No exomoons have been found to date, but in April 2014 astronomers spotted what could be the first discovery: two objects with a mass ratio of 2000 to 1. This could either be a moon-planet system (left) or planet-sun system (right). Credit: NASA/JPL-Caltech

No exomoons have been found to date, but in April 2014 astronomers spotted what could be the first discovery: two objects with a mass ratio of 2000 to 1. This could either be a moon-planet system (left) or planet-sun system (right). Credit: NASA/JPL-Caltech

Oxygen and methane should destroy each other when they are in the same atmosphere, breaking down into carbon monoxide and water. On Earth, however, these elements co-exist. That’s because they’re continually being replenished at a faster rate than they are destroyed. Oxygen is coming mainly from plants, while methane can be emitted by animals and volcanoes.

Seeing this co-existence from afar could be a “biosignature,” an indication that our planet has life on it. Finding such biosignatures in distant worlds is a challenge, however, because of the difficulty in getting spectral information from exoplanets which are faint and many light years away.

Even if this obstacle is overcome, the discovery of methane and oxygen on a distant exoplanet could be a false positive, explains a new paper. It’s possible that the planet could have oxygen on it, while an “exomoon” circling the planet has methane. It would be all but impossible to distinguish between the two bodies because the moon is smaller, said lead author Hanno Rein, an assistant professor for the University of Toronto’s department of physical and environmental sciences.
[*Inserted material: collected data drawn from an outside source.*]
lemma (in comm_group) inj_on_subgroup_times_powers:
  fixes d :: nat
  assumes S: "subgroup S G" and x: "x \<in> carrier G"
    and no_pow: "\<And>k::nat. 0 < k \<Longrightarrow> k < d \<Longrightarrow> x [^] k \<notin> S"
  shows "inj_on (\<lambda>(u, k). u \<otimes> x [^] k) (S \<times> {..<d})"
proof -
  have S_carrier: "S \<subseteq> carrier G" using S by (rule subgroup.subset)
  have same_exp: "k = k'"
    if "u \<in> S" "u' \<in> S" "k \<le> k'" "k' < d" "u \<otimes> x [^] k = u' \<otimes> x [^] k'" for u u' k k'
  proof -
    have uu': "u \<in> carrier G" "u' \<in> carrier G" using that S_carrier by auto
    have "u \<otimes> x [^] k = (u' \<otimes> x [^] (k' - k)) \<otimes> x [^] k"
      using that uu' x by (simp add: m_assoc nat_pow_mult)
    then have "u = u' \<otimes> x [^] (k' - k)" using uu' x by (simp add: right_cancel)
    then have "x [^] (k' - k) = inv u' \<otimes> u" using uu' x by (simp add: m_assoc[symmetric])
    also have "\<dots> \<in> S" using that S by (simp add: subgroup.m_closed subgroup.m_inv_closed)
    finally show "k = k'" using no_pow[of "k' - k"] that by linarith
  qed
  show ?thesis
  proof (rule inj_onI, clarsimp)
    fix u k u' k' assume H: "u \<in> S" "k < d" "u' \<in> S" "k' < d" "u \<otimes> x [^] k = u' \<otimes> x [^] k'"
    then have "k = k'" using same_exp[of u u' k k'] same_exp[of u' u k' k] by (cases "k \<le> k'") auto
    moreover have "u \<in> carrier G" "u' \<in> carrier G" using H S_carrier by auto
    then have "u = u'" using H(5) \<open>k = k'\<close> x by simp
    ultimately show "u = u' \<and> k = k'" by simp
  qed
qed

text \<open>Transport of structure: a Lambda-module can be copied along any injection of its
  carrier into another type.  This lets the construction below stay inside one fixed type.\<close>

lemma lam_module_copy:
  fixes G :: "('c, 'e) monoid_scheme" and \<phi> :: "'c \<Rightarrow> 'd"
  assumes G: "lam_module G T" and inj: "inj_on \<phi> (carrier G)"
  obtains G' :: "'d monoid" and T' where "lam_module G' T'" "lam_hom G T G' T' \<phi>"
    "carrier G' = \<phi> ` carrier G" "one_minus_t G' T' = \<phi> ` one_minus_t G T"
proof -
  interpret G: comm_group G using lam_moduleD[OF G] by simp
  have T: "T \<in> hom G G" "bij_betw T (carrier G) (carrier G)" using lam_moduleD[OF G] by auto
  define \<psi> where "\<psi> = inv_into (carrier G) \<phi>"
  define G' :: "'d monoid" where
    "G' = \<lparr>carrier = \<phi> ` carrier G, monoid.mult = (\<lambda>a b. \<phi> (\<psi> a \<otimes>\<^bsub>G\<^esub> \<psi> b)), one = \<phi> \<one>\<^bsub>G\<^esub>\<rparr>"
  define T' where "T' = \<phi> \<circ> T \<circ> \<psi>"
  have \<psi>_\<phi>: "\<psi> (\<phi> a) = a" if "a \<in> carrier G" for a
    unfolding \<psi>_def using inj that by (simp add: inv_into_f_f)
  have carrier: "carrier G' = \<phi> ` carrier G" by (simp add: G'_def)
  have mult: "\<phi> a \<otimes>\<^bsub>G'\<^esub> \<phi> b = \<phi> (a \<otimes>\<^bsub>G\<^esub> b)" if "a \<in> carrier G" "b \<in> carrier G" for a b
    using that by (simp add: G'_def \<psi>_\<phi>)
  have \<phi>_hom: "\<phi> \<in> hom G G'" by (auto simp: hom_def carrier mult)
  have "comm_group (G'\<lparr>carrier := \<phi> ` carrier G, one := \<phi> \<one>\<^bsub>G\<^esub>\<rparr>)"
    by (rule G.hom_imp_img_comm_group[OF \<phi>_hom])
  then have "comm_group G'" by (simp add: G'_def)
  have T'_\<phi>: "T' (\<phi> a) = \<phi> (T a)" if "a \<in> carrier G" for a
    using that by (simp add: T'_def \<psi>_\<phi>)
  have "T' \<in> hom G' G'"
    using T(1) hom_in_carrier[OF T(1)] by (auto simp: hom_def carrier mult T'_\<phi>)
  moreover have "bij_betw T' (carrier G') (carrier G')"
  proof -
    have "bij_betw \<phi> (carrier G) (carrier G')" using inj carrier by (simp add: inj_on_imp_bij_betw)
    moreover have "bij_betw \<psi> (carrier G') (carrier G)"
      unfolding \<psi>_def carrier using inj by (simp add: bij_betw_inv_into inj_on_imp_bij_betw)
    ultimately show ?thesis unfolding T'_def using T(2) by (blast intro: bij_betw_trans)
  qed
  ultimately have "lam_module G' T'" using \<open>comm_group G'\<close> by (simp add: lam_module_def)
  moreover have "lam_hom G T G' T' \<phi>" using \<phi>_hom T(1) by (simp add: lam_hom_def T'_\<phi> hom_in_carrier)
  moreover have "one_minus_t G' T' = \<phi> ` one_minus_t G T"
  proof -
    interpret G': comm_group G' by fact
    interpret \<phi>: group_hom G G' \<phi> by unfold_locales (rule \<phi>_hom)
    show ?thesis
    using T(1) unfolding one_minus_t_def carrier image_image
    by (intro image_cong) (simp_all add: T'_\<phi> hom_in_carrier)
  qed
  ultimately show ?thesis using that carrier by blast
qed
“People have not thought about this before, and the main reason … is we don’t know how likely such a scenario is in the first place,” said Rein.

Rein’s paper, published in the Proceedings of the National Academy of Sciences, is called “Some inconvenient truths about biosignatures involving two chemical species on Earth-like exoplanets.” It is also available on the pre-publishing site arXiv.

Spectral information

Earth’s moon doesn’t have an atmosphere, so from afar the methane and oxygen mix on our planet correctly shows there is life on it. Other moons, however, do have atmospheres. A notable example in our own solar system is Titan, a moon of Saturn with a thick hydrocarbon atmosphere that also has methane and ethane lakes on its surface.
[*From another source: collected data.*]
(* Let $K$ be a balanced graph with $e_K\ge1$. There are constants $\beta,B,C>0$ such that, for all $p=p(n)\in[0,1]$ with $n^{-1/d_K}\ll p=O(n^{\beta-1/d_K})$, the following holds with probability tending to $1$ as $n\to\infty$ in $\mathbb{G}_{n,p}$, writing $\lambda:=np^{d_K}$: (i) If $G\subseteq K$ is primal for $K$, then any two copies of $G$ are either vertex-disjoint or their intersection is isomorphic to a primal subgraph of $K$. (ii) If $G_0\subsetneq G_1$ are both primal for $K$ and there is no primal $F$ with $G_0\subsetneq F\subsetneq G_1$, then for every copy $G_0'$ of $G_0$, all copies of $G_1$ containing $G_0'$ are vertex-disjoint outside of $V(G_0')$. (iii) If $G_0,G_1$ are as in (ii), then every copy of $G_0$ is contained in at most $B\lambda^{v_{G_1}-v_{G_0}}$ copies of $G_1$. (iv) If $v\in V(K)$ and $G^{(v)}\subseteq K$ is a minimal (with respect to inclusion) primal subgraph of $K$ containing $v$, then for each vertex $x\in[n]$ there is at most one copy of $G^{(v)}$ in which $v$ is mapped onto $x$ (i.e., at most one $(v,G^{(v)})$-extension of $x$). (v) If $G_{\min}\subseteq K$ is a primal subgraph of $K$ with the smallest number of vertices, then every vertex $x\in[n]$ is contained in at most $C\lambda^{v_K-v_{G_{\min}}}$ copies of $K$.
   Context: $\mathbb{G}_{n,p}$ is the binomial random graph on $[n]$. For a graph $F$ with $v_F\ge1$ vertices and $e_F$ edges, $d_F=e_F/v_F$. A subgraph $J\subseteq K$ with $v_J\ge1$ is primal for $K$ if it maximizes $d_J$ among all such subgraphs; $K$ is balanced if $K$ itself is primal. Copies are subgraphs of $\mathbb{G}_{n,p}$ isomorphic to the given graph. $a\ll b$ means $a/b\to0$ as $n\to\infty$. *)

theory Defs
  imports Complex_Main "HOL-Library.Landau_Symbols"
begin

definition graph :: "'v set \<times> 'v set set \<Rightarrow> bool" where
  "graph G \<longleftrightarrow> finite (fst G) \<and>
     (\<forall>e\<in>snd G. \<exists>a b. a \<noteq> b \<and> a \<in> fst G \<and> b \<in> fst G \<and> e = {a, b})"

definition graph_le :: "'v set \<times> 'v set set \<Rightarrow> 'v set \<times> 'v set set \<Rightarrow> bool" where
  "graph_le H G \<longleftrightarrow> fst H \<subseteq> fst G \<and> snd H \<subseteq> snd G"

definition subgraph :: "'v set \<times> 'v set set \<Rightarrow> 'v set \<times> 'v set set \<Rightarrow> bool" where
  "subgraph H G \<longleftrightarrow> graph H \<and> graph_le H G"

definition dens :: "'v set \<times> 'v set set \<Rightarrow> real" where
  "dens G = real (card (snd G)) / real (card (fst G))"

definition primal :: "'v set \<times> 'v set set \<Rightarrow> 'v set \<times> 'v set set \<Rightarrow> bool" where
  "primal J K \<longleftrightarrow> subgraph J K \<and> fst J \<noteq> {} \<and>
     (\<forall>J'. subgraph J' K \<and> fst J' \<noteq> {} \<longrightarrow> dens J' \<le> dens J)"

definition balanced :: "'v set \<times> 'v set set \<Rightarrow> bool" where
  "balanced K \<longleftrightarrow> primal K K"

definition iso_map :: "('v \<Rightarrow> 'w) \<Rightarrow> 'v set \<times> 'v set set \<Rightarrow> 'w set \<times> 'w set set \<Rightarrow> bool" where
  "iso_map \<phi> F H \<longleftrightarrow> bij_betw \<phi> (fst F) (fst H) \<and>
     (\<forall>a\<in>fst F. \<forall>b\<in>fst F. {a, b} \<in> snd F \<longleftrightarrow> {\<phi> a, \<phi> b} \<in> snd H)"

definition isomorphic :: "'v set \<times> 'v set set \<Rightarrow> 'w set \<times> 'w set set \<Rightarrow> bool" where
  "isomorphic F H \<longleftrightarrow> (\<exists>\<phi>. iso_map \<phi> F H)"

definition all_pairs :: "nat \<Rightarrow> nat set set" where
  "all_pairs n = {e. \<exists>a b. a \<noteq> b \<and> a \<in> {1..n} \<and> b \<in> {1..n} \<and> e = {a, b}}"

text \<open>Probability that G(n,p) (edge set E \<subseteq> all_pairs n, each pair independently with prob. p)
  satisfies P.\<close>
definition gnp_prob :: "nat \<Rightarrow> real \<Rightarrow> (nat set set \<Rightarrow> bool) \<Rightarrow> real" where
  "gnp_prob n p P = (\<Sum>E\<in>{E. E \<subseteq> all_pairs n \<and> P E}.
      p ^ card E * (1 - p) ^ (card (all_pairs n) - card E))"

definition copies :: "'v set \<times> 'v set set \<Rightarrow> nat \<Rightarrow> nat set set \<Rightarrow> (nat set \<times> nat set set) set" where
  "copies F n E = {H. subgraph H ({1..n}, E) \<and> isomorphic F H}"

definition graph_inter :: "'v set \<times> 'v set set \<Rightarrow> 'v set \<times> 'v set set \<Rightarrow> 'v set \<times> 'v set set" where
  "graph_inter H1 H2 = (fst H1 \<inter> fst H2, snd H1 \<inter> snd H2)"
Artist's conception of an Earth-like moon circling a planet that looks like Jupiter. Credit: NASA

Artist’s conception of an Earth-like moon circling a planet that looks like Jupiter. Credit: NASA

To satisfy doubting minds that a planet indeed has these two elements in its atmosphere, two things must be known. There must be enough “information” coming from the planet to give it sufficient resolution. Information comes in the form of photons, or light particles, that reflect off the planet and are collected in telescopes.

But because exoplanets are so faint, very little light is coming off of these worlds in the first place. NASA’s Kepler Space Telescope only detects them as minute points of light. Gaining spectral information requires more photons, which in turn would require bigger telescopes. The size of the telescope required, Rein said, would be impractical, likely requiring a mirror that is kilometers or miles across.

“One can get fine spatial resolution, but one can’t have large spectral resolution,” he said.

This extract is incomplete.